The East Hampton Town Board will soon issue a request for applications for water quality improvement awards, based on a recommendation from its water quality technical advisory committee.
Community preservation fund money for replacement of aging septic systems with new, nitrogen-reducing models was awarded to four commercial or municipal properties late last year. But if the committee’s mechanism for calculating grant awards is modified, its chairman and an environmental analyst with the town’s Natural Resources Department told the town board Tuesday, then more large-scale wastewater treatment projects will result.
Excess nitrogen and phosphorous degrade waterways, promoting harmful algal blooms that suppress dissolved oxygen and render the water unsafe for recreation and harmful to humans, pets, and marine life. The town is encouraging residential and commercial property owners to replace aging and failing septic systems, particularly those in water protection districts.
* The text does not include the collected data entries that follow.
(* (i) Suppose the first Piola–Kirchhoff stress of a Cauchy elastic solid is given by $P^{aA}=g^{ab}\sum_{i=1}^3\phi_i\,\partial\psi_i/\partial F^b{}_A$ with scalar functions $\phi_i,\psi_i$ of $(X,\mathbf F,\mathbf G,\mathbf g)$ (some of which may be identically zero or constant). If the response is objective, i.e. all $\phi_i$ and $\psi_i$ depend on $\mathbf F$ only through $\mathbf C^\flat=\mathbf F^\star\mathbf g\mathbf F$, then the balance of angular momentum $P^{aA}F^b{}_A=P^{bA}F^a{}_A$ holds for every $\mathbf F$. (ii) The converse fails: there exist Cauchy elastic response functions (e.g. Ericksen solids $P^{aA}=g^{ab}\phi_1(\mathbf F,\mathbf G,\mathbf g)\partial\psi_1/\partial F^b{}_A$ with $\psi_1$ a function of $(\mathbf C^\flat,\mathbf G)$ and $\phi_1$ a nonvanishing function of $\mathbf F$ that is not invariant under $\mathbf F\mapsto\mathbf Q\mathbf F$ for $\mathbf g$-orthogonal $\mathbf Q$) that satisfy the balance of angular momentum for every $\mathbf F$ but are not objective, i.e. $\hat{\mathbf P}(\mathbf Q\mathbf F)\neq\mathbf Q\hat{\mathbf P}(\mathbf F)$ for some $\mathbf g$-orthogonal $\mathbf Q$.
   Context: Setting: a body $(\mathcal B,\mathbf G)$ deforming in Euclidean space $(\mathcal S,\mathbf g)$ with deformation gradient $\mathbf F$ (components $F^a{}_A$), dual $\mathbf F^\star$, right Cauchy–Green tensor $\mathbf C^\flat=\mathbf F^\star\mathbf g\mathbf F$. A Cauchy elastic solid has constitutive law $\mathbf P=\hat{\mathbf P}(X,\mathbf F,\mathbf G,\mathbf g)$ for the first Piola–Kirchhoff stress, with no energy function assumed. Objectivity means $\hat{\mathbf P}(X,\mathbf Q\mathbf F,\mathbf G,\mathbf g)=\mathbf Q\hat{\mathbf P}(X,\mathbf F,\mathbf G,\mathbf g)$ for all $\mathbf g$-orthogonal $\mathbf Q$. Balance of angular momentum means $\mathbf P\mathbf F^\star=\mathbf F\mathbf P^\star$, i.e. $P^{aA}F^b{}_A=P^{bA}F^a{}_A$. *)

theory Defs
  imports "HOL-Analysis.Analysis"
begin

text \<open>Tensors in 3D are represented by their component matrices in real^3^3.
  F $ a $ A = F^a_A, g $ a $ b = g_ab, P $ a $ A = P^{aA}.
  Inverse metric components g^ab are matrix_inv g.\<close>

type_synonym mat3 = "real^3^3"

definition metric :: "mat3 \<Rightarrow> bool" where
  "metric g \<longleftrightarrow> transpose g = g \<and> (\<forall>v::real^3. v \<noteq> 0 \<longrightarrow> v \<bullet> (g *v v) > 0)"

definition g_orthogonal :: "mat3 \<Rightarrow> mat3 \<Rightarrow> bool" where
  "g_orthogonal g Q \<longleftrightarrow> transpose Q ** g ** Q = g"

definition rightCG :: "mat3 \<Rightarrow> mat3 \<Rightarrow> mat3" where
  "rightCG g F = transpose F ** g ** F"

definition dF :: "(mat3 \<Rightarrow> real) \<Rightarrow> mat3 \<Rightarrow> 3 \<Rightarrow> 3 \<Rightarrow> real" where
  "dF f F b A = frechet_derivative f (at F) (axis b (axis A 1))"

definition stressP :: "mat3 \<Rightarrow> (nat \<Rightarrow> mat3 \<Rightarrow> real) \<Rightarrow> (nat \<Rightarrow> mat3 \<Rightarrow> real) \<Rightarrow> mat3 \<Rightarrow> mat3" where
  "stressP g \<phi> \<psi> F = (\<chi> a A. \<Sum>b\<in>UNIV. (matrix_inv g) $ a $ b *
      (\<Sum>i\<in>{1..3}. \<phi> i F * dF (\<psi> i) F b A))"

definition responseP ::
  "(nat \<Rightarrow> 'x \<Rightarrow> mat3 \<Rightarrow> mat3 \<Rightarrow> mat3 \<Rightarrow> real) \<Rightarrow> (nat \<Rightarrow> 'x \<Rightarrow> mat3 \<Rightarrow> mat3 \<Rightarrow> mat3 \<Rightarrow> real)
    \<Rightarrow> 'x \<Rightarrow> mat3 \<Rightarrow> mat3 \<Rightarrow> mat3 \<Rightarrow> mat3" where
  "responseP \<phi> \<psi> X F G g = stressP g (\<lambda>i F'. \<phi> i X F' G g) (\<lambda>i F'. \<psi> i X F' G g) F"

definition angmom :: "mat3 \<Rightarrow> mat3 \<Rightarrow> bool" where
  "angmom P F \<longleftrightarrow> (\<forall>a b. (\<Sum>A\<in>UNIV. P $ a $ A * F $ b $ A) = (\<Sum>A\<in>UNIV. P $ b $ A * F $ a $ A))"

definition objective :: "('x \<Rightarrow> mat3 \<Rightarrow> mat3 \<Rightarrow> mat3 \<Rightarrow> mat3) \<Rightarrow> bool" where
  "objective Ph \<longleftrightarrow> (\<forall>X F G g Q. metric G \<and> metric g \<and> g_orthogonal g Q \<longrightarrow>
      Ph X (Q ** F) G g = Q ** Ph X F G g)"

end

theory Submission
  imports Defs
begin

text \<open>
  If a scalar function f of F satisfies f(Q F) = f(F) for all g-orthogonal Q, differentiating
  along a curve Q(t) of g-orthogonal matrices with Q(0) = 1 and Q'(0) = A gives Df(F)[A F] = 0.
  The tangent vectors A = g^-1 W, with W = e_p e_q^T - e_q e_p^T skew, turn this into the
  symmetry of g^-1 (df/dF) F^T, and P F^T is a linear combination of such matrices when the
  \<psi>_i depend on F only through C.  The curves come from Rodrigues' formula, since
  A^3 = -\<sigma> A for these A.  For the converse, P = exp(F_11) dC_11/dF balances angular momentum
  by the first part, but the reflection Q = -1 does not preserve the factor exp(F_11).
\<close>

lemma matrix_add_rdistrib: "((A::'a::semiring_1^'n^'m) + B) ** C = A ** C + B ** C"
  by (simp add: matrix_matrix_mult_def vec_eq_iff sum.distrib distrib_right)

lemma matrix_diff_ldistrib: "(C::'a::ring_1^'n^'m) ** (A - B) = C ** A - C ** B"
  by (simp add: matrix_matrix_mult_def vec_eq_iff sum_subtractf right_diff_distrib)

lemma matrix_diff_rdistrib: "((A::'a::ring_1^'n^'m) - B) ** C = A ** C - B ** C"
  by (simp add: matrix_matrix_mult_def vec_eq_iff sum_subtractf left_diff_distrib)

lemma matrix_mul_minus_left: "(- (A::'a::ring_1^'n^'m)) ** B = - (A ** B)"
  by (simp add: matrix_matrix_mult_def vec_eq_iff sum_negf)

lemma matrix_mul_minus_right: "(A::'a::ring_1^'n^'m) ** (- B) = - (A ** B)"
  by (simp add: matrix_matrix_mult_def vec_eq_iff sum_negf)

lemma transpose_add: "transpose (A + B) = transpose A + transpose (B::'a::semiring_1^'n^'m)"
  by (simp add: transpose_def vec_eq_iff)

lemma transpose_minus: "transpose (- A) = - transpose (A::'a::ring_1^'n^'m)"
  by (simp add: transpose_def vec_eq_iff)

lemma linear_transpose: "linear (transpose :: real^'n^'m \<Rightarrow> real^'m^'n)"
  by (rule linearI) (simp_all add: transpose_add transpose_scalar)

lemma bounded_linear_matrix_mul_left: "bounded_linear (\<lambda>X::real^'n^'m. X ** C)"
  by (simp add: linear_conv_bounded_linear[symmetric] linearI matrix_add_rdistrib scalar_matrix_assoc)

lemma matrix_inv_invertible:
  fixes A :: "'a::semiring_1^'n^'m"
  assumes "invertible A"
  shows "A ** matrix_inv A = mat 1" "matrix_inv A ** A = mat 1"
  using someI_ex[OF assms[unfolded invertible_def]] by (simp_all add: matrix_inv_def)

lemma transpose_matrix_inv_symmetric:
  fixes A :: "'a::comm_semiring_1^'n^'n"
  assumes "invertible A" "transpose A = A"
  shows "transpose (matrix_inv A) = matrix_inv A"
proof -
  have "transpose (matrix_inv A) ** A = mat 1"
    using matrix_inv_invertible(1)[OF assms(1)] assms(2) by (metis matrix_transpose_mul transpose_mat)
  then show ?thesis
    by (metis matrix_inv_invertible(1)[OF assms(1)] matrix_mul_assoc matrix_mul_lid matrix_mul_rid)
qed

definition skew_unit :: "'n::finite \<Rightarrow> 'n \<Rightarrow> real^'n^'n" where
  "skew_unit p q = (\<chi> i j. (if i = p \<and> j = q then 1 else 0) - (if i = q \<and> j = p then 1 else 0))"

lemma skew_unit_nth:
  "skew_unit p q $ i $ j = (if i = p \<and> j = q then 1 else 0) - (if i = q \<and> j = p then 1 else 0)"
  by (simp add: skew_unit_def)

lemma transpose_skew_unit: "transpose (skew_unit p q) = - skew_unit p q"
proof -
  have "transpose (skew_unit p q) $ i $ j = (- skew_unit p q) $ i $ j" for i j
    unfolding transpose_def vec_lambda_beta skew_unit_nth vector_uminus_component
    by (cases "i = p"; cases "j = q"; cases "i = q"; cases "j = p"; simp)
  then show ?thesis by (simp add: vec_eq_iff)
qed

lemma matrix_mul_skew_unit_nth:
  "(M ** skew_unit p q) $ i $ j = (if j = q then M$i$p else 0) - (if j = p then M$i$q else 0)"
proof -
  have "(M ** skew_unit p q) $ i $ j =
      (\<Sum>k\<in>UNIV. if k = p then (if j = q then M$i$k else 0) else 0) -
      (\<Sum>k\<in>UNIV. if k = q then (if j = p then M$i$k else 0) else 0)"
    unfolding matrix_matrix_mult_def skew_unit_nth vec_lambda_beta sum_subtractf[symmetric]
    by (rule sum.cong) auto
  then show ?thesis by simp
qed

lemma matrix_mul_skew_unit_mul_nth:
  "(M ** skew_unit p q ** N) $ i $ k = M$i$p * N$q$k - M$i$q * N$p$k"
proof -
  have "(M ** skew_unit p q ** N) $ i $ k =
      (\<Sum>j\<in>UNIV. if j = q then M$i$p * N$j$k else 0) - (\<Sum>j\<in>UNIV. if j = p then M$i$q * N$j$k else 0)"
    unfolding matrix_matrix_mult_def[of "M ** skew_unit p q"] matrix_mul_skew_unit_nth
      vec_lambda_beta sum_subtractf[symmetric]
    by (rule sum.cong) auto
  then show ?thesis by simp
qed

lemma symmetric_mul_skew_unit_cube:
  assumes "transpose h = h"
  shows "(h ** skew_unit p q) ** (h ** skew_unit p q) ** (h ** skew_unit p q) =
    - (h$p$p * h$q$q - h$p$q * h$p$q) *\<^sub>R (h ** skew_unit p q)"
proof -
  have "h$q$p = h$p$q"
    using assms by (metis transpose_def vec_lambda_beta)
  then have "(h ** skew_unit p q ** h ** skew_unit p q ** h ** skew_unit p q) $ i $ j =
      (- (h$p$p * h$q$q - h$p$q * h$p$q) *\<^sub>R (h ** skew_unit p q)) $ i $ j" for i j
    unfolding matrix_mul_skew_unit_mul_nth matrix_mul_skew_unit_nth vector_scaleR_component
    by (cases "j = q"; cases "j = p"; simp add: algebra_simps)
  then show ?thesis
    by (simp add: vec_eq_iff matrix_mul_assoc)
qed

lemma transpose_symmetric_mul_skew_unit:
  assumes "g ** h = mat 1" "h ** g = mat 1" "transpose h = h"
  shows "transpose (h ** skew_unit p q) ** g = - (g ** (h ** skew_unit p q))"
proof -
  have "transpose (h ** skew_unit p q) ** g = - skew_unit p q ** (h ** g)"
    by (simp add: matrix_transpose_mul transpose_skew_unit assms(3) matrix_mul_assoc)
  also have "\<dots> = - (g ** (h ** skew_unit p q))"
    by (simp add: assms(1,2) matrix_mul_assoc matrix_mul_minus_left)
  finally show ?thesis .
qed

section \<open>Rodrigues curves in the g-orthogonal group\<close>

definition rodrigues :: "real^'n^'n \<Rightarrow> real \<Rightarrow> real \<Rightarrow> real^'n^'n" where
  "rodrigues A s k = mat 1 + s *\<^sub>R A + k *\<^sub>R (A ** A)"

lemma rodrigues_minus_mult:
  assumes "A ** A ** A = - \<sigma> *\<^sub>R A"
  shows "rodrigues A (- s) k ** rodrigues A s k = mat 1 + (2 * k - s * s - \<sigma> * k * k) *\<^sub>R (A ** A)"
proof -
  have "A ** A ** A ** A = - \<sigma> *\<^sub>R (A ** A)"
    using assms by (simp add: scalar_matrix_assoc[symmetric] matrix_mul_minus_left)
  with assms show ?thesis
    unfolding rodrigues_def
    by (simp add: matrix_add_ldistrib matrix_add_rdistrib matrix_diff_ldistrib matrix_diff_rdistrib
        matrix_mul_minus_left matrix_mul_minus_right matrix_scalar_ac scalar_matrix_assoc[symmetric]
        matrix_mul_assoc algebra_simps)
      (simp add: vec_eq_iff)
qed

lemma transpose_rodrigues_mul:
  assumes "transpose A ** g = - (g ** A)"
  shows "transpose (rodrigues A s k) ** g = g ** rodrigues A (- s) k"
proof -
  have "transpose A ** transpose A ** g = g ** A ** A"
    using assms by (metis matrix_mul_assoc matrix_mul_minus_left matrix_mul_minus_right minus_minus)
  with assms show ?thesis
    unfolding rodrigues_def
    by (simp add: transpose_add transpose_scalar matrix_transpose_mul matrix_add_ldistrib
        matrix_add_rdistrib matrix_diff_ldistrib matrix_mul_minus_left matrix_mul_minus_right
        matrix_scalar_ac scalar_matrix_assoc[symmetric] matrix_mul_assoc)
qed

lemma rodrigues_orthogonal:
  assumes "A ** A ** A = - \<sigma> *\<^sub>R A" "transpose A ** g = - (g ** A)"
    and "2 * k - s * s - \<sigma> * k * k = 0"
  shows "transpose (rodrigues A s k) ** g ** rodrigues A s k = g"
proof -
  have "transpose (rodrigues A s k) ** g ** rodrigues A s k = g ** (rodrigues A (- s) k ** rodrigues A s k)"
    by (simp add: transpose_rodrigues_mul[OF assms(2)] matrix_mul_assoc)
  then show ?thesis
    by (simp add: rodrigues_minus_mult[OF assms(1)] assms(3))
qed

text \<open>
  For \<sigma> = \<omega>^2 > 0 this is the rotation by the angle \<theta> with tan(\<theta>/2) = \<omega> t/2, i.e.
  s = sin \<theta> / \<omega> and k = (1 - cos \<theta>) / \<omega>^2; the rational form needs no case split on \<sigma>.
\<close>

definition rodrigues_curve :: "real^'n^'n \<Rightarrow> real \<Rightarrow> real \<Rightarrow> real^'n^'n" where
  "rodrigues_curve A \<sigma> t =
    rodrigues A (t / (1 + \<sigma> * t * t / 4)) (t * t / 2 / (1 + \<sigma> * t * t / 4))"
section \<open>Every indexing system containing the admissible sets of \<open>S\<close> contains those of \<open>F(S)\<close>\<close>

lemma bij_betw_lessThan_Un:
  fixes a b :: nat
  assumes eA: "bij_betw eA {..<a} A" and eB: "bij_betw eB {..<b} B" and disjoint: "A \<inter> B = {}"
  shows "bij_betw (\<lambda>i. if i < a then eA i else eB (i - a)) {..<a + b} (A \<union> B)"
  unfolding bij_betw_def
proof
  let ?e = "\<lambda>i. if i < a then eA i else eB (i - a)"
  note EA = bij_betw_lessThan_inverse[OF eA] and EB = bij_betw_lessThan_inverse[OF eB]
  show "inj_on ?e {..<a + b}"
  proof (rule inj_onI)
    fix i j assume i: "i \<in> {..<a + b}" and j: "j \<in> {..<a + b}" and eq: "?e i = ?e j"
    show "i = j"
    proof (cases "i < a"; cases "j < a")
      assume "i < a" "j < a"
      then show ?thesis using eq inj_onD[OF bij_betw_imp_inj_on[OF eA]] by simp
    next
      assume "\<not> i < a" "\<not> j < a"
      then have "eB (i - a) = eB (j - a)" "i - a < b" "j - a < b" using eq i j by auto
      then have "i - a = j - a" using inj_onD[OF bij_betw_imp_inj_on[OF eB]] by simp
      then show ?thesis using \<open>\<not> i < a\<close> \<open>\<not> j < a\<close> by simp
    qed (use eq i j EA(4)[of i] EA(4)[of j] EB(4)[of "i - a"] EB(4)[of "j - a"] disjoint in auto)
  qed
  show "?e ` {..<a + b} = A \<union> B"
  proof
    show "?e ` {..<a + b} \<subseteq> A \<union> B" using EA(4) EB(4) by auto
    show "A \<union> B \<subseteq> ?e ` {..<a + b}"
    proof
      fix y assume "y \<in> A \<union> B"
      then consider "y \<in> A" | "y \<in> B" by blast
      then show "y \<in> ?e ` {..<a + b}"
      proof cases
        case 1
        then have "y = ?e (the_inv_into {..<a} eA y)" "the_inv_into {..<a} eA y < a + b"
          using EA(1,2)[of y] by auto
        then show ?thesis by blast
      next
        case 2
        then have "y = ?e (a + the_inv_into {..<b} eB y)" "a + the_inv_into {..<b} eB y < a + b"
          using EB(1,2)[of y] by auto
        then show ?thesis by blast
      qed
    qed
  qed
qed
“The idea is to make it fair but also to provide enough of an incentive to make some good projects move forward,” Mellissa Winslow, the environmental analyst, told the board. “These large-scale wastewater projects are very expensive and cost-prohibitive in a lot of areas.”
Design, engineering, and particularly installation costs, do not change in a linear progression according to a septic system’s size, the board was told. “We’ve been seeing some costs upward of $1 million for one of these innovative alternative systems for commercial properties,” Ms. Winslow said. “This is to try to modify our program to be able to give enough of an incentive to move some of these good projects forward.”
Last year, the town awarded grant money to the Springs School, the West Lake Inn in Montauk, Concerned Citizens of Montauk, and the Springs General Store. The general store, however, was unable to move forward due to the cost of its proposed septic system replacement, Chris Clapp, the committee’s chairman, told the board. One stumbling block has been determining how much to award entities that are not single-family properties, he said.
This, he explained, was due to the committee’s initial approach to determining awards, which he described as “normalizing” funding for a non-single-family residential property to the Suffolk County Health Department’s standard for a four-bedroom house: 440 gallons of flow per day. That calculation led to the Springs General Store’s award of $23,000. Even with an additional $10,000 grant from the state, that left it far short of the estimated $150,000-plus cost for its septic system replacement. “It really wasn’t a great driver for them to get going,” Mr. Clapp said. “And we lost that, for the moment.”
Ashawagh Hall, also in Springs, sought funding too, Mr. Clapp said, but “as a nonprofit, they don’t even have the funds to get started, which led us to take a long and hard look at, how do we create something that gets better projects in the door and over the finish line?”
Along with prioritizing projects in harbor protection overlay districts, those with higher flow rates, and failed systems, ranking projects in a tiered structure will better inform funding decisions and encourage successful applications, Mr. Clapp said.
He proposed that, given adequate justification, 100 percent of design and installation be awarded to municipal properties like parks, recreational facilities, police and emergency medical service structures, and comfort stations; publicly accessible spaces such as nonprofit meeting spaces, religious centers, libraries, schools, and fire district buildings, and existing multifamily and high-density residences like affordable and senior citizens housing complexes. “These would be particularly large-flow properties that can be really difficult to upgrade,” Mr. Clapp said of the latter category.
Design costs would not be included in awards to condominiums, townhouses, homeowners associations, or trailer parks, and funding awards would be normalized to the single-family calculation. But these could be considered, on a case-by-case basis, for additional funding with end-of-year rebates, Mr. Clapp said. Traditional commercial properties and for-profit enterprises like retail stores, offices, and restaurants would be awarded up to 65 percent of installation costs if located within a water protection district; others would be awarded up to 50 percent. These awards would be capped at $200,000.
Another category, warehouses and industrial properties, would only be eligible for a rebate program. “We don’t have many of them,” Mr. Clapp said.
“Once you get to digest this,” he told the board, “we’re hoping this year to do a little bit of outreach to get the projects we want into the program. . . . We’re looking at Fort Pond, Lake Montauk, and the southern end of Three Mile Harbor” as among the most critical areas in which to conduct outreach and encourage property owners to participate.